Внуки топчутся в коридоре, Барон прижимается к входной двери, хвост по полу. Я глажу его по уху — он вздрагивает, будто спрашивает: "Что теперь?". А я и сама не знаю.

Поздно вечером Маринка говорит:
— Мам, ты сильно не волнуйся. Петя поможет тебе послезавтра продукты разгрузить, а я заеду на работе.
— Хорошо, — отвечаю я, не вникая. Всё — рутина, будто жизнь уже не моя, а расписана по часам.

Утром — пустота. Барона нет ни в доме, ни во дворе. Я бегаю по комнатам, заглядываю даже в чулан, куда здоровый пёс, конечно, бы не влез.
— Баро-о-он! — шепчу уже срывающимся голосом.

Сначала кажется, что это сон — вот-вот он войдёт, мокрый, улыбчивый своей собачьей улыбкой. Но дома — глухо. В саду — нет даже следов на снегу.

Я сажусь на край кровати. Во рту — медный привкус. Руки сами хватаются за телефон.

— Марина… Барон пропал...

Слышу паузу. Ту самую, пустую, длинную.

— Мам, тут такое дело… Ты только не переживай, ладно? Мы решили, что так будет лучше. В приюте к нему хорошо относятся… Мам, тебе тяжело одной…

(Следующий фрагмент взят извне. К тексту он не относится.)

text \<open>Goodness of \<open>I\<^bsup>N(l+1)\<^esup>\<close> for \<open>N = d\<^sub>k + 1\<close>, applied to \<open>y\<^bsup>N\<^esup>\<close>, shows that \<open>y\<^sub>k\<close>
  falls short of \<open>l d\<^sub>k\<close> by at most \<open>d\<^sub>k / N < 1\<close>.\<close>

lemma good_mpow_pair_support_ge:
  assumes g: "good n I" and k: "k < n" and j: "j < n" "j \<noteq> k"
    and y: "y \<in> mpow n I (Suc l)"
    and supp: "\<forall>i<n. i \<noteq> k \<longrightarrow> i \<noteq> j \<longrightarrow> y i = 0" and yj: "y j \<le> dexp I j"
  shows "l * dexp I k \<le> y k"
proof (rule ccontr)
  assume "\<not> l * dexp I k \<le> y k"
  then have low: "y k + 1 \<le> l * dexp I k"
    by simp
  have pos: "\<And>i. i < n \<Longrightarrow> 1 \<le> dexp I i"
    using g good_m_primary dexp_pos by blast
  define d where "d = dexp I k"
  define N where "N = Suc d"
  have "(\<lambda>i. N * y i) \<in> mpow n I (Suc (N * l + d))"
    using mpow_mult[OF y, of N] by (simp add: N_def ac_simps)
  with mpow_subset_monomials obtain m
    where m: "m \<in> mgens (mpow n I (Suc (N * l + d)))" "\<forall>i. m i \<le> N * y i"
    by (rule exists_mgens_below)
  obtain a where a: "(\<Sum>i<n. a i) = N * l + d" "m \<in> box n I a"
    using g m(1) by (rule good_mgens_in_box)
  have a_le: "a i * dexp I i \<le> N * y i" if "i < n" for i
  proof -
    have "a i * dexp I i \<le> m i"
      using a(2) that unfolding box_def by blast
    then show ?thesis
      using m(2) le_trans by blast
  qed
  have "a i = 0" if "i < n" "i \<notin> {k, j}" for i
    using a_le[of i] supp pos[of i] that by simp
  then have "(\<Sum>i<n. a i) = a k + a j"
    using k j sum_lessThan_eq_sum_support[of "{k, j}" n a] by simp
  moreover have "a j \<le> N"
  proof -
    have "a j * dexp I j \<le> N * dexp I j"
      using a_le[OF j(1)] yj by (meson le_trans mult_le_mono2)
    then show ?thesis
      using pos[OF j(1)] by simp
  qed
  ultimately have "N * l \<le> a k + 1"
    using a(1) unfolding N_def by linarith
  then have "N * l * d \<le> (a k + 1) * d"
    by (rule mult_le_mono1)
  also have "\<dots> \<le> N * y k + d"
    using a_le[OF k] unfolding d_def by simp
  finally have "N * l * d \<le> N * y k + d" .
  moreover have "N * (y k + 1) \<le> N * (l * d)"
    using low unfolding d_def by (rule mult_le_mono2)
  ultimately have "N * y k + N \<le> N * y k + d"
    by (simp add: mult.assoc)
  then show False
    unfolding N_def by simp
qed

Я не слушаю до конца. Отключаюсь — и только потом понимаю, как целый мир за пару минут может сжаться до одной пустой комнаты и фотографий на стене.

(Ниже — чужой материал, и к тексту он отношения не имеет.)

lemma ctendsto_scaleC:
  assumes "ctendsto s l"
  shows "ctendsto (\<lambda>n. scaleC c (s n)) (scaleC c l)"
proof (rule ctendsto_bound)
  show "cnorm (scaleC c (s n) - scaleC c l) \<le> cmod c * cnorm (s n - l)" for n
    by (simp add: scaleC_diff_right[symmetric] cnorm_scaleC)
  show "(\<lambda>n. cmod c * cnorm (s n - l)) \<longlonglongrightarrow> 0"
    using tendsto_mult_right_zero[OF assms[unfolded ctendsto_def]] .
qed

lemma ctendsto_unique:
  assumes "ctendsto s l" and "ctendsto s m"
  shows "l = m"
proof -
  have "cnorm (l - m) \<le> cnorm (s n - l) + cnorm (s n - m)" for n
    using cnorm_triangle_diff[of l m "s n"] cnorm_minus_commute[of l "s n"] by simp
  moreover have "(\<lambda>n. cnorm (s n - l) + cnorm (s n - m)) \<longlonglongrightarrow> 0"
    using tendsto_add[OF assms[unfolded ctendsto_def]] by simp
  ultimately have "cnorm (l - m) \<le> 0"
    by (intro tendsto_le[OF _ _ tendsto_const, of sequentially]) auto
  then show ?thesis
    using cnorm_nonneg[of "l - m"] by simp
qed

lemma ctendsto_cinner:
  assumes s: "ctendsto s l" and t: "ctendsto t m"
  shows "(\<lambda>n. cinner (s n) (t n)) \<longlonglongrightarrow> cinner l m"
proof -
  let ?a = "\<lambda>n. cnorm (s n - l)" and ?b = "\<lambda>n. cnorm (t n - m)"
  have bound: "norm (cinner (s n) (t n) - cinner l m) \<le> ?a n * (?b n + cnorm m) + cnorm l * ?b n" for n
  proof -
    have eq: "cinner (s n) (t n) - cinner l m = cinner (s n - l) (t n) + cinner l (t n - m)"
      by (simp add: cinner_diff_left cinner_diff_right)
    have "?a n * cnorm (t n) \<le> ?a n * (?b n + cnorm m)"
      using cnorm_triangle[of "t n - m" m] by (simp add: cnorm_nonneg mult_left_mono)
    then show ?thesis
      unfolding eq using norm_cinner_le[of "s n - l" "t n"] norm_cinner_le[of l "t n - m"]
        norm_triangle_ineq[of "cinner (s n - l) (t n)" "cinner l (t n - m)"]
      by linarith
  qed
  have "(\<lambda>n. ?a n * (?b n + cnorm m) + cnorm l * ?b n) \<longlonglongrightarrow> 0 * (0 + cnorm m) + cnorm l * 0"
    using s t unfolding ctendsto_def
    by (intro tendsto_add tendsto_mult tendsto_const)
  then have lim: "(\<lambda>n. ?a n * (?b n + cnorm m) + cnorm l * ?b n) \<longlonglongrightarrow> 0"
    by simp
  have "(\<lambda>n. norm (cinner (s n) (t n) - cinner l m)) \<longlonglongrightarrow> 0"
    by (rule tendsto_sandwich[OF _ _ tendsto_const lim]) (simp_all add: bound)
  then show ?thesis
    by (simp add: tendsto_norm_zero_iff LIM_zero_iff)
qed

lemma cdense_range_ctendsto:
  assumes "cdense (range g)"
  obtains s where "ctendsto (\<lambda>n. g (s n)) v"
proof -
  have "\<exists>a. cnorm (v - g a) < inverse (real (Suc n))" for n
    using assms unfolding cdense_def by (metis imageE inverse_positive_iff_positive of_nat_0_less_iff zero_less_Suc)
  then obtain s where s: "\<And>n. cnorm (v - g (s n)) < inverse (real (Suc n))"
    by metis
  have "cnorm (g (s n) - v) \<le> inverse (real (Suc n))" for n
    using s[of n] cnorm_minus_commute[of v "g (s n)"] by linarith
  then have "ctendsto (\<lambda>n. g (s n)) v"
    using LIMSEQ_inverse_real_of_nat by (rule ctendsto_bound)
  then show ?thesis ..
qed

lemma cdense_range_cinner_eqI:
  assumes "cdense (range g)" and "\<And>a. cinner u (g a) = cinner v (g a)"
  shows "u = v"
proof -
  obtain s where s: "ctendsto (\<lambda>n. g (s n)) (u - v)"
    using cdense_range_ctendsto[OF assms(1)] .
  have "(\<lambda>n. cinner (u - v) (g (s n))) \<longlonglongrightarrow> cinner (u - v) (u - v)"
    by (rule ctendsto_cinner[OF ctendsto_const s])
  moreover have "cinner (u - v) (g (s n)) = 0" for n
    using assms(2) by (simp add: cinner_diff_left)
  ultimately have "(\<lambda>n. 0) \<longlonglongrightarrow> cinner (u - v) (u - v)"
    by simp
  then have "cinner (u - v) (u - v) = 0"
    by (simp add: LIMSEQ_const_iff)
  then show ?thesis
    by simp
qed

section \<open>Riesz representation of bounded antilinear functionals\<close>

text \<open>The slack \<open>+ 1\<close> covers the degenerate case \<open>N = 0\<close> without a case split.\<close>
lemma nonneg_quadratic_coeff_bound:
  fixes N b e :: real
  assumes N: "0 \<le> N" and nonneg: "\<And>t. 0 \<le> t\<^sup>2 * N + 2 * t * b + e"
  shows "b\<^sup>2 \<le> e * (N + 1)"
proof -
  define t where "t = - b / (N + 1)"
  have t: "t * (N + 1) = - b"
    unfolding t_def using N by simp
  have "0 \<le> (N + 1)\<^sup>2 * (t\<^sup>2 * N + 2 * t * b + e)"
    using nonneg[of t] by simp
  also have "\<dots> = (t * (N + 1))\<^sup>2 * N + 2 * (t * (N + 1)) * (N + 1) * b + e * (N + 1)\<^sup>2"
    by (simp add: power2_eq_square algebra_simps)
  also have "\<dots> = e * (N + 1)\<^sup>2 - b\<^sup>2 * (N + 2)"
    unfolding t by (simp add: power2_eq_square algebra_simps)
  finally have "b\<^sup>2 * (N + 2) \<le> e * (N + 1)\<^sup>2"
    by simp
  also have "\<dots> \<le> e * (N + 1) * (N + 2)"
    using nonneg[of 0] N mult_left_mono[of "N + 1" "N + 2" "e * (N + 1)"]
    by (simp add: power2_eq_square mult.assoc)
  finally show ?thesis
    using N by (simp add: mult_le_cancel_right)
qed

locale bounded_antilinear_functional =
  fixes g :: "'b::cvec \<Rightarrow> 'h::chilbert" and L :: "'b \<Rightarrow> complex" and C :: real
  assumes g_add: "g (a + b) = g a + g b"
    and g_scaleC: "g (scaleC c a) = scaleC c (g a)"
    and L_add: "L (a + b) = L a + L b"
    and L_scaleC: "L (scaleC c a) = cnj c * L a"
    and C_nonneg: "0 \<le> C"
    and L_bound: "(cmod (L a))\<^sup>2 \<le> C * (cnorm (g a))\<^sup>2"
begin

text \<open>If \<open>L a = \<langle>w, g a\<rangle>\<close>, then \<open>energy a = \<parallel>g a - w\<parallel>\<^sup>2 - \<parallel>w\<parallel>\<^sup>2\<close>; so \<open>w\<close> is found as the
  limit of \<open>g\<close> along a minimising sequence of the energy.\<close>

definition energy :: "'b \<Rightarrow> real" where
  "energy a = (cnorm (g a))\<^sup>2 - 2 * Re (L a)"

lemma energy_ge: "- C \<le> energy a"
proof -
  have "(cmod (L a))\<^sup>2 \<le> (sqrt C * cnorm (g a))\<^sup>2"
    using L_bound C_nonneg by (simp add: power_mult_distrib)
  then have "cmod (L a) \<le> sqrt C * cnorm (g a)"
    by (rule power2_le_imp_le) (simp add: C_nonneg cnorm_nonneg)
  then have "Re (L a) \<le> sqrt C * cnorm (g a)"
    using complex_Re_le_cmod[of "L a"] by linarith
  moreover have "0 \<le> (cnorm (g a) - sqrt C)\<^sup>2"
    by simp
  ultimately show ?thesis
    using C_nonneg unfolding energy_def by (simp add: power2_eq_square algebra_simps)
qed

definition energy_inf :: real where
  "energy_inf = Inf (range energy)"

lemma energy_inf_le: "energy_inf \<le> energy a"
  unfolding energy_inf_def by (rule cInf_lower) (auto intro: bdd_belowI2 energy_ge)

lemma minimizing_sequence:
  obtains a where "\<And>k. energy (a k) \<le> energy_inf + inverse (real (Suc k))"
proof -
  have bdd: "bdd_below (range energy)"
    by (auto intro: bdd_belowI2 energy_ge)
  have "\<exists>a. energy a < energy_inf + inverse (real (Suc k))" for k
    using cInf_less_iff[OF _ bdd, of "energy_inf + inverse (real (Suc k))"]
    unfolding energy_inf_def by auto
  then show ?thesis
    using that less_imp_le by metis
qed

lemma cnorm_diff_energy:
  "(cnorm (g x - g y))\<^sup>2 = 2 * energy x + 2 * energy y - 4 * energy (scaleC (1/2) (x + y))"
proof -
  have "cinner (g x - g y) (g x - g y) + cinner (g x + g y) (g x + g y)
      = 2 * cinner (g x) (g x) + 2 * cinner (g y) (g y)"
    by (simp add: cinner_add_left cinner_add_right cinner_diff_left cinner_diff_right)
  moreover have "cinner (g (scaleC (1/2) (x + y))) (g (scaleC (1/2) (x + y)))
      = (1/4) * cinner (g x + g y) (g x + g y)"
    by (simp add: g_add g_scaleC cinner_scaleC_left cinner_scaleC_right)
  ultimately show ?thesis
    unfolding energy_def cnorm_power2
    by (simp add: L_add L_scaleC complex_eq_iff algebra_simps)
qed

lemma near_minimizers_close:
  assumes "energy x \<le> energy_inf + e" and "energy y \<le> energy_inf + e"
  shows "(cnorm (g x - g y))\<^sup>2 \<le> 4 * e"
  using assms cnorm_diff_energy[of x y] energy_inf_le[of "scaleC (1/2) (x + y)"] by linarith

lemma energy_shift:
  "energy (x + scaleC (complex_of_real t) y)
     = energy x + 2 * t * (Re (cinner (g x) (g y)) - Re (L y)) + t\<^sup>2 * (cnorm (g y))\<^sup>2"
proof -
  have "Re (cinner (g x + scaleC (complex_of_real t) (g y)) (g x + scaleC (complex_of_real t) (g y)))
      = Re (cinner (g x) (g x)) + 2 * t * Re (cinner (g x) (g y)) + t\<^sup>2 * Re (cinner (g y) (g y))"
    using cinner_commute[of "g y" "g x"]
    by (simp add: cinner_add_left cinner_add_right cinner_scaleC_left cinner_scaleC_right
        power2_eq_square algebra_simps)
  then show ?thesis
    unfolding energy_def cnorm_power2 by (simp add: g_add g_scaleC L_add L_scaleC algebra_simps)
qed

lemma near_minimizer_Re:
  assumes "energy x \<le> energy_inf + e"
  shows "(Re (cinner (g x) (g y)) - Re (L y))\<^sup>2 \<le> e * ((cnorm (g y))\<^sup>2 + 1)"
proof (rule nonneg_quadratic_coeff_bound)
  fix t :: real
  show "0 \<le> t\<^sup>2 * (cnorm (g y))\<^sup>2 + 2 * t * (Re (cinner (g x) (g y)) - Re (L y)) + e"
    using assms energy_inf_le[of "x + scaleC (complex_of_real t) y"] unfolding energy_shift
    by linarith
qed simp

Вечер проходит бессмысленно: чай остывает, руки дрожат. Даже телек замолкает на пустом кадре, и я сижу в кухне под тусклой лампой — одна, как прежде, до появления Барона.

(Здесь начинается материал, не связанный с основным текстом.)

(* In a non-degenerate RiFle assignment game, for every stable payoff $(\bar u,\bar v)$ there is exactly one matching $\mu$ such that $(\bar u,\bar v;\mu)$ is a stable outcome.
   Context: A RiFle assignment game consists of two disjoint sets of agents $P=\{p_1,\dots,p_n\}$ and $Q=\{q_1,\dots,q_n\}$, a pair of nonnegative real numbers $(\beta_{ij},\gamma_{ij})$ for every pair $(p_i,q_j)\in P\times Q$ (write $\alpha_{ij}=\beta_{ij}+\gamma_{ij}$), and a designation of every agent as rigid or flexible. Let $\mathcal R$ be the set of pairs with at least one rigid agent and $\mathcal F$ the set of pairs with both agents flexible. An outcome $(\bar u,\bar v;\mu)$ consists of a matching $\mu$ between $P$ and $Q$ (write $p_i\stackrel{\mu}{\longleftrightarrow} q_j$) and payoff vectors $\bar u,\bar v\in\mathbb R^n$. It is feasible if: (1) $u_i\ge0$, $v_j\ge0$; (2) if a rigid $p_i$ is matched to $q_j$ then $u_i=\beta_{ij}$ and, if $q_j$ is flexible, $v_j\ge\gamma_{ij}$; symmetrically for a rigid $q_j$ matched to $p_i$: $v_j=\gamma_{ij}$ and, if $p_i$ is flexible, $u_i\ge\beta_{ij}$; (3) $\sum_iu_i+\sum_jv_j=\sum_{p_i\stackrel{\mu}{\longleftrightarrow}q_j}\alpha_{ij}$. It is stable if feasible and $u_i+v_j\ge\alpha_{ij}$ for $(p_i,q_j)\in\mathcal F$ and ($u_i\ge\beta_{ij}$ or $v_j\ge\gamma_{ij}$) for $(p_i,q_j)\in\mathcal R$. A payoff $(\bar u,\bar v)$ is stable if $(\bar u,\bar v;\mu)$ is a stable outcome for some matching $\mu$. Reservation prices are modeled by rigid dummy agents; for the following definition an agent left unmatched by a matching is regarded as matched to a rigid dummy agent (whose prescribed share for him is his reservation price). Given a coalition $C\subseteq P\cup Q$ and a matching $\mu$, the total payoff to $C$ under $\mu$ is forced if every pair matched under $\mu$ with one agent in $C$ and the other outside $C$ contains a rigid agent; the forced payoff is then $\sum_{p_i\in C,\ p_i\stackrel{\mu}{\longleftrightarrow}q_j}\beta_{ij}+\sum_{q_j\in C,\ p_i\stackrel{\mu}{\longleftrightarrow}q_j}\gamma_{ij}$. The game is non-degenerate if for any two matchings $\mu,\mu'$: whenever $C$ is a minimal coalition such that the payoff to $C$ is forced under both $\mu$ and $\mu'$, and the two forced payoffs are equal, then $\mu$ and $\mu'$ coincide on $C$. *)

theory Defs
  imports Complex_Main
begin

text \<open>Agents p_0..p_(n-1) and q_0..q_(n-1) are indexed by {..<n}.
  beta i j, gamma i j are the shares of (p_i,q_j); rp i / rq j say whether p_i / q_j is rigid.
  A matching is a perfect matching between P and Q, represented by its set of pairs (i,j),
  meaning p_i is matched to q_j.\<close>

definition perfect_matching :: "nat \<Rightarrow> (nat \<times> nat) set \<Rightarrow> bool" where
  "perfect_matching n M \<longleftrightarrow> M \<subseteq> {..<n} \<times> {..<n}
     \<and> (\<forall>i<n. \<exists>!j. (i, j) \<in> M) \<and> (\<forall>j<n. \<exists>!i. (i, j) \<in> M)"

definition rifle_game :: "nat \<Rightarrow> (nat \<Rightarrow> nat \<Rightarrow> real) \<Rightarrow> (nat \<Rightarrow> nat \<Rightarrow> real) \<Rightarrow> bool" where
  "rifle_game n beta gamma \<longleftrightarrow> (\<forall>i<n. \<forall>j<n. 0 \<le> beta i j \<and> 0 \<le> gamma i j)"

definition feasible_outcome ::
  "nat \<Rightarrow> (nat \<Rightarrow> nat \<Rightarrow> real) \<Rightarrow> (nat \<Rightarrow> nat \<Rightarrow> real) \<Rightarrow> (nat \<Rightarrow> bool) \<Rightarrow> (nat \<Rightarrow> bool)
   \<Rightarrow> (nat \<Rightarrow> real) \<Rightarrow> (nat \<Rightarrow> real) \<Rightarrow> (nat \<times> nat) set \<Rightarrow> bool" where
  "feasible_outcome n beta gamma rp rq u v M \<longleftrightarrow>
     perfect_matching n M
     \<and> (\<forall>i<n. 0 \<le> u i) \<and> (\<forall>j<n. 0 \<le> v j)
     \<and> (\<forall>(i, j) \<in> M. rp i \<longrightarrow> u i = beta i j \<and> (\<not> rq j \<longrightarrow> v j \<ge> gamma i j))
     \<and> (\<forall>(i, j) \<in> M. rq j \<longrightarrow> v j = gamma i j \<and> (\<not> rp i \<longrightarrow> u i \<ge> beta i j))
     \<and> (\<Sum>i<n. u i) + (\<Sum>j<n. v j) = (\<Sum>(i, j) \<in> M. beta i j + gamma i j)"

definition stable_outcome ::
  "nat \<Rightarrow> (nat \<Rightarrow> nat \<Rightarrow> real) \<Rightarrow> (nat \<Rightarrow> nat \<Rightarrow> real) \<Rightarrow> (nat \<Rightarrow> bool) \<Rightarrow> (nat \<Rightarrow> bool)
   \<Rightarrow> (nat \<Rightarrow> real) \<Rightarrow> (nat \<Rightarrow> real) \<Rightarrow> (nat \<times> nat) set \<Rightarrow> bool" where
  "stable_outcome n beta gamma rp rq u v M \<longleftrightarrow>
     feasible_outcome n beta gamma rp rq u v M
     \<and> (\<forall>i<n. \<forall>j<n. (\<not> rp i \<and> \<not> rq j \<longrightarrow> u i + v j \<ge> beta i j + gamma i j)
                   \<and> ((rp i \<or> rq j) \<longrightarrow> u i \<ge> beta i j \<or> v j \<ge> gamma i j))"

definition stable_payoff ::
  "nat \<Rightarrow> (nat \<Rightarrow> nat \<Rightarrow> real) \<Rightarrow> (nat \<Rightarrow> nat \<Rightarrow> real) \<Rightarrow> (nat \<Rightarrow> bool) \<Rightarrow> (nat \<Rightarrow> bool)
   \<Rightarrow> (nat \<Rightarrow> real) \<Rightarrow> (nat \<Rightarrow> real) \<Rightarrow> bool" where
  "stable_payoff n beta gamma rp rq u v \<longleftrightarrow> (\<exists>M. stable_outcome n beta gamma rp rq u v M)"

definition payoff_forced ::
  "(nat \<Rightarrow> bool) \<Rightarrow> (nat \<Rightarrow> bool) \<Rightarrow> (nat \<times> nat) set \<Rightarrow> nat set \<Rightarrow> nat set \<Rightarrow> bool" where
  "payoff_forced rp rq M CP CQ \<longleftrightarrow>
     (\<forall>(i, j) \<in> M. ((i \<in> CP) \<noteq> (j \<in> CQ)) \<longrightarrow> rp i \<or> rq j)"

definition forced_payoff ::
  "(nat \<Rightarrow> nat \<Rightarrow> real) \<Rightarrow> (nat \<Rightarrow> nat \<Rightarrow> real) \<Rightarrow> (nat \<times> nat) set \<Rightarrow> nat set \<Rightarrow> nat set \<Rightarrow> real" where
  "forced_payoff beta gamma M CP CQ =
     (\<Sum>(i, j) \<in> {(i, j) \<in> M. i \<in> CP}. beta i j) + (\<Sum>(i, j) \<in> {(i, j) \<in> M. j \<in> CQ}. gamma i j)"

definition minimal_forced_coalition ::
  "nat \<Rightarrow> (nat \<Rightarrow> bool) \<Rightarrow> (nat \<Rightarrow> bool) \<Rightarrow> (nat \<times> nat) set \<Rightarrow> (nat \<times> nat) set
   \<Rightarrow> nat set \<Rightarrow> nat set \<Rightarrow> bool" where
  "minimal_forced_coalition n rp rq M M' CP CQ \<longleftrightarrow>
     CP \<subseteq> {..<n} \<and> CQ \<subseteq> {..<n} \<and> (CP \<noteq> {} \<or> CQ \<noteq> {})
     \<and> payoff_forced rp rq M CP CQ \<and> payoff_forced rp rq M' CP CQ
     \<and> (\<forall>CP' CQ'. CP' \<subseteq> CP \<and> CQ' \<subseteq> CQ \<and> (CP', CQ') \<noteq> (CP, CQ) \<and> (CP' \<noteq> {} \<or> CQ' \<noteq> {})
          \<longrightarrow> \<not> (payoff_forced rp rq M CP' CQ' \<and> payoff_forced rp rq M' CP' CQ'))"

definition coincide_on :: "(nat \<times> nat) set \<Rightarrow> (nat \<times> nat) set \<Rightarrow> nat set \<Rightarrow> nat set \<Rightarrow> bool" where
  "coincide_on M M' CP CQ \<longleftrightarrow>
     (\<forall>i \<in> CP. \<forall>j. (i, j) \<in> M \<longleftrightarrow> (i, j) \<in> M')
     \<and> (\<forall>j \<in> CQ. \<forall>i. (i, j) \<in> M \<longleftrightarrow> (i, j) \<in> M')"

definition non_degenerate ::
  "nat \<Rightarrow> (nat \<Rightarrow> nat \<Rightarrow> real) \<Rightarrow> (nat \<Rightarrow> nat \<Rightarrow> real) \<Rightarrow> (nat \<Rightarrow> bool) \<Rightarrow> (nat \<Rightarrow> bool) \<Rightarrow> bool" where
  "non_degenerate n beta gamma rp rq \<longleftrightarrow>
     (\<forall>M M' CP CQ. perfect_matching n M \<and> perfect_matching n M'
        \<and> minimal_forced_coalition n rp rq M M' CP CQ
        \<and> forced_payoff beta gamma M CP CQ = forced_payoff beta gamma M' CP CQ
        \<longrightarrow> coincide_on M M' CP CQ)"

end

theory Submission
  imports Defs
begin

text \<open>In a stable outcome every matched pair is paid exactly its surplus, and a rigid pair exactly
  its prescribed shares. Hence, whenever the payoff to a coalition is forced under a stable
  matching, the forced payoff is the coalition's total payoff. Given two stable matchings with the
  same payoff and a pair (p_i, q_j) of the first, take a minimal coalition containing p_i whose
  payoff is forced under both: its two forced payoffs agree, so by non-degeneracy the matchings
  coincide on it, and p_i is matched to q_j in the second matching too.\<close>

lemma perfect_matching_finite: "perfect_matching n M \<Longrightarrow> finite M"
  unfolding perfect_matching_def by (meson finite_SigmaI finite_lessThan finite_subset)

lemma perfect_matching_bij_betw_fst:
  assumes "perfect_matching n M"
  shows "bij_betw fst M {..<n}"
proof -
  have sub: "M \<subseteq> {..<n} \<times> {..<n}" and uniq: "\<forall>i<n. \<exists>!j. (i, j) \<in> M"
    using assms unfolding perfect_matching_def by auto
  have "inj_on fst M"
    using sub uniq by (fastforce simp: inj_on_def)
  moreover have "fst ` M = {..<n}"
    using sub uniq by (force simp: image_iff)
  ultimately show ?thesis
    by (simp add: bij_betw_def)
qed

lemma perfect_matching_bij_betw_snd:
  assumes "perfect_matching n M"
  shows "bij_betw snd M {..<n}"
proof -
  have sub: "M \<subseteq> {..<n} \<times> {..<n}" and uniq: "\<forall>j<n. \<exists>!i. (i, j) \<in> M"
    using assms unfolding perfect_matching_def by auto
  have "inj_on snd M"
    using sub uniq by (fastforce simp: inj_on_def)
  moreover have "snd ` M = {..<n}"
    using sub uniq by (force simp: image_iff)
  ultimately show ?thesis
    by (simp add: bij_betw_def)
qed

lemma sum_perfect_matching_fst:
  "perfect_matching n M \<Longrightarrow> (\<Sum>p\<in>M. f (fst p)) = (\<Sum>i<n. f i)"
  using perfect_matching_bij_betw_fst sum.reindex_bij_betw by blast

lemma sum_perfect_matching_snd:
  "perfect_matching n M \<Longrightarrow> (\<Sum>p\<in>M. f (snd p)) = (\<Sum>j<n. f j)"
  using perfect_matching_bij_betw_snd sum.reindex_bij_betw by blast

lemma stable_outcome_perfect_matching:
  "stable_outcome n beta gamma rp rq u v M \<Longrightarrow> perfect_matching n M"
  by (simp add: stable_outcome_def feasible_outcome_def)

lemma stable_outcome_matched_surplus_ge:
  assumes st: "stable_outcome n beta gamma rp rq u v M" and ij: "(i, j) \<in> M"
  shows "beta i j + gamma i j \<le> u i + v j"
proof -
  have "i < n" "j < n"
    using ij stable_outcome_perfect_matching[OF st] by (auto simp: perfect_matching_def)
  then show ?thesis
    using st ij unfolding stable_outcome_def feasible_outcome_def
    by (cases "rp i"; cases "rq j"; fastforce)
qed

Слезы текут медленно, будто издалека.

Никто не спросил меня, чего я хочу. Даже он не смог защититься — слишком доверчивый, слишком домашний. Мой друг. Последний друг.

***

Ночь прошла в коматозной тишине. Я то ли спала, то ли сжимала подушку, то ли разговаривала сама с собой. К утру на глаза налипла усталость, как сонная пена: пустая квартира, никого — ни тяжёлого дыхания, ни скрёбов когтей по двери, только скрип старой лестницы и моё собственное дыхание.

Я не завтракала. Прикинула — ничего не хочется. Утренний чай прилип к стенкам кружки невыносимо горько — никогда так не думала, что можно привыкнуть к привычному счастью. В голове только одна мысль: как он там, мой Барон, понимает ли, почему вдруг я его не встретила у двери?

Маринка не звонила до обеда. Я им не писала — злость переворачивалась внутри кошкой, застревая поперёк горла. Пыталась что-то делать: тряпкой протирала краны, складывала полотенца, листала старые журналы, на каждом развороте вспоминая — Барон любил ложиться мордой на мои руки, когда я читала.

А потом пришёл вечерний неожиданный гость. Лёгкий стук в дверь — нерешительный, как будто человек сел на бордюр и долго набирается смелости. На пороге — Валентина Сергеевна, моя соседка.

— Галь, ты чего такая бледная? — глаза внимательные, ласковые, с синеватыми прожилками. — Ты плакала, что ли?

Я машу рукой: — Да всякое бывает... Заходи, чай есть, может, и вкусный ещё остался…

Она не церемонится — садится на табурет, кидает платок на батарею.
— Галь, я видела твою собаку... Вернее, не у тебя. Вон там, в приюте на Кленовой. Правда твой был, с седой мордой, радостно на меня прыгал — а звать-то его как, не спросила. Точно твой!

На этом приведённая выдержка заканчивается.